Stored data entries:
lemma simulates_F_wrap: "simulates (F 0) (path_F 0)"
proof -
  note z = zpos_first_last
  have gs: "path_F 0 = map F [zpos M..<k] @ [F 0] @ map F [1..<zpos 1]"
    by (simp add: path_F_def)
  have "is_path k (zpos M) (path_F 0)" and "path_end k (zpos M) (path_F 0) = zpos 1"
    and "path_visits k (zpos M) (path_F 0) = [Suc (zpos M)..<Suc k] @ [1] @ [Suc 1..<Suc (zpos 1)]"
    unfolding gs using F_segment_path[of "zpos M" k k] F_segment_path[of 1 "zpos 1" k] z two_le_length
    by (simp_all add: is_path_append path_end_append path_visits_append ia_def)
  moreover have "\<forall>c\<in>set (butlast ([Suc (zpos M)..<Suc k] @ [1] @ [Suc 1..<Suc (zpos 1)])). one_pos c"
  proof (cases "zpos 1 = 1")
    case False
    then have "butlast ([Suc (zpos M)..<Suc k] @ [1] @ [Suc 1..<Suc (zpos 1)])
        = [Suc (zpos M)..<Suc k] @ [1] @ [Suc 1..<zpos 1]"
      using z by (simp add: butlast_append)
    then show ?thesis using one_pos_below one_pos_above z False by auto
  qed (use one_pos_above in auto)
  moreover have "(\<Prod>g\<leftarrow>path_F 0. loop_factor g x) = inverse x" for x
    unfolding gs using z loop_factor_prod_F[of "[zpos M..<k]"] loop_factor_prod_F[of "[1..<zpos 1]"]
    by simp
  ultimately show ?thesis by (auto simp: simulates_def gs ia_def)
qed

lemma simulates_paths:
  assumes "j < M"
  shows "simulates (E j) (path_E j)" and "simulates (F j) (path_F j)"
  using assms simulates_E_inner simulates_E_wrap simulates_F_inner simulates_F_wrap
  by (cases "j = 0"; force)+

end

context zero_embedding
begin

definition pullback :: "((nat \<Rightarrow> nat) list \<Rightarrow> K) set \<Rightarrow> ((nat \<Rightarrow> nat) list \<Rightarrow> K) set" where
  "pullback U = {v' \<in> vecs epsZ ls. lift v' \<in> U}"

lemma lift_act_in_submoduleT:
  assumes U: "submoduleT eps xs ls U" and g: "valid_gen M g"
    and v': "v' \<in> vecs epsZ ls" and lv': "lift v' \<in> U"
  shows "lift (act epsZ xs ls g v') \<in> U"
proof (cases g)
  case (E j)
  then have "j < M" using g by (simp add: valid_gen_def)
  note sim = simulates_paths(1)[OF this]
  then have "act_word eps xs ls (path_E j) (lift v') \<in> U"
    using submoduleT_act_word[OF U _ lv'] is_path_valid_gen by (auto simp: simulates_def)
  then show ?thesis using E lift_act_ef[OF _ sim v'] \<open>j < M\<close> by simp
next
  case (F j)
  then have "j < M" using g by (simp add: valid_gen_def)
  note sim = simulates_paths(2)[OF this]
  then have "act_word eps xs ls (path_F j) (lift v') \<in> U"
    using submoduleT_act_word[OF U _ lv'] is_path_valid_gen by (auto simp: simulates_def)
  then show ?thesis using F lift_act_ef[OF _ sim v'] \<open>j < M\<close> by simp
next
  case (W j)
  then have "j \<in> {1..M}" using g by (simp add: valid_gen_def)
  then show ?thesis
    using W lift_act_W[OF _ v'] submoduleT_act[OF U lv'] zpos_range by (simp add: valid_gen_def)
next
  case (Winv j)
  then have "j \<in> {1..M}" using g by (simp add: valid_gen_def)
  then show ?thesis
    using Winv lift_act_Winv[OF _ v'] submoduleT_act[OF U lv'] zpos_range by (simp add: valid_gen_def)
qed

lemma submoduleT_pullback:
  assumes U: "submoduleT eps xs ls U"
  shows "submoduleT epsZ xs ls (pullback U)"
proof -
  have "lift (\<lambda>_. 0) = (\<lambda>_. 0)"
    and "lift (\<lambda>b. u b + v b) = (\<lambda>b. lift u b + lift v b)"
    and "lift (\<lambda>b. c * u b) = (\<lambda>b. c * lift u b)" for u v c
    by (simp_all add: lift_def fun_eq_iff)
  then show ?thesis
    using submoduleT_zero[OF U] submoduleT_add[OF U] submoduleT_scale[OF U]
      lift_act_in_submoduleT[OF U] act_in_vecs
    by (auto simp: submoduleT_def pullback_def vecs_def)
qed

text \<open>The target of the token moves; it has the right total only if M is at least
  l_1 + ... + l_r, which is where M must be large.\<close>

definition packed_weight :: "nat \<Rightarrow> nat" where
  "packed_weight c = (if c \<in> set (take (sum_list ls) (zero_positions eps)) then 1 else 0)"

◆ **What is expected**: All that belongs in the answer is the lines from the start of the entries above through the line containing "[1] @ [Suc 1..<zpos", each given exactly.

◆ **Result of this exercise**:
lemma simulates_F_wrap: "simulates (F 0) (path_F 0)"
proof -
  note z = zpos_first_last
  have gs: "path_F 0 = map F [zpos M..<k] @ [F 0] @ map F [1..<zpos 1]"
    by (simp add: path_F_def)
  have "is_path k (zpos M) (path_F 0)" and "path_end k (zpos M) (path_F 0) = zpos 1"
    and "path_visits k (zpos M) (path_F 0) = [Suc (zpos M)..<Suc k] @ [1] @ [Suc 1..<Suc (zpos 1)]"
    unfolding gs using F_segment_path[of "zpos M" k k] F_segment_path[of 1 "zpos 1" k] z two_le_length
    by (simp_all add: is_path_append path_end_append path_visits_append ia_def)
  moreover have "\<forall>c\<in>set (butlast ([Suc (zpos M)..<Suc k] @ [1] @ [Suc 1..<Suc (zpos 1)])). one_pos c"
  proof (cases "zpos 1 = 1")
    case False
    then have "butlast ([Suc (zpos M)..<Suc k] @ [1] @ [Suc 1..<Suc (zpos 1)])
        = [Suc (zpos M)..<Suc k] @ [1] @ [Suc 1..<zpos 1]"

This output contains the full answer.